■ **GOAL OF THE EXERCISE**
Across the records below, how many lines include the word "assumes"? State only the number.

Records drawn from a dataset:

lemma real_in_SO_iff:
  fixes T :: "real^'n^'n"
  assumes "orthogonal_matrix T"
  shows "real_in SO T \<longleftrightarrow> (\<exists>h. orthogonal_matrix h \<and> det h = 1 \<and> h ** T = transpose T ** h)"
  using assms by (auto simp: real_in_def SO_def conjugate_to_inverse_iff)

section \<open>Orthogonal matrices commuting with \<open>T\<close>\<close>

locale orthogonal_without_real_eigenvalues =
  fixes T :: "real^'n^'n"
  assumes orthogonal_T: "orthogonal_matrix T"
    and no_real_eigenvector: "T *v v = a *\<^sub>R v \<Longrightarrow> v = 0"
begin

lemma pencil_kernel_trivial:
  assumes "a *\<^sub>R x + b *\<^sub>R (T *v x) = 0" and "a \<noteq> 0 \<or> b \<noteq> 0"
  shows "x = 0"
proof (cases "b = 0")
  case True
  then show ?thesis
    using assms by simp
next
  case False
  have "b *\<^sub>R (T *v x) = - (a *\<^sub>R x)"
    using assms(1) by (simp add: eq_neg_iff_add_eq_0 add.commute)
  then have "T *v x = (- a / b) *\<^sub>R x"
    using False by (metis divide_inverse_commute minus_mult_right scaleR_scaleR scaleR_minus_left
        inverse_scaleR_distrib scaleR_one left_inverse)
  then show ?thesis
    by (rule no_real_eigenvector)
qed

■ **TASK ANSWER**
3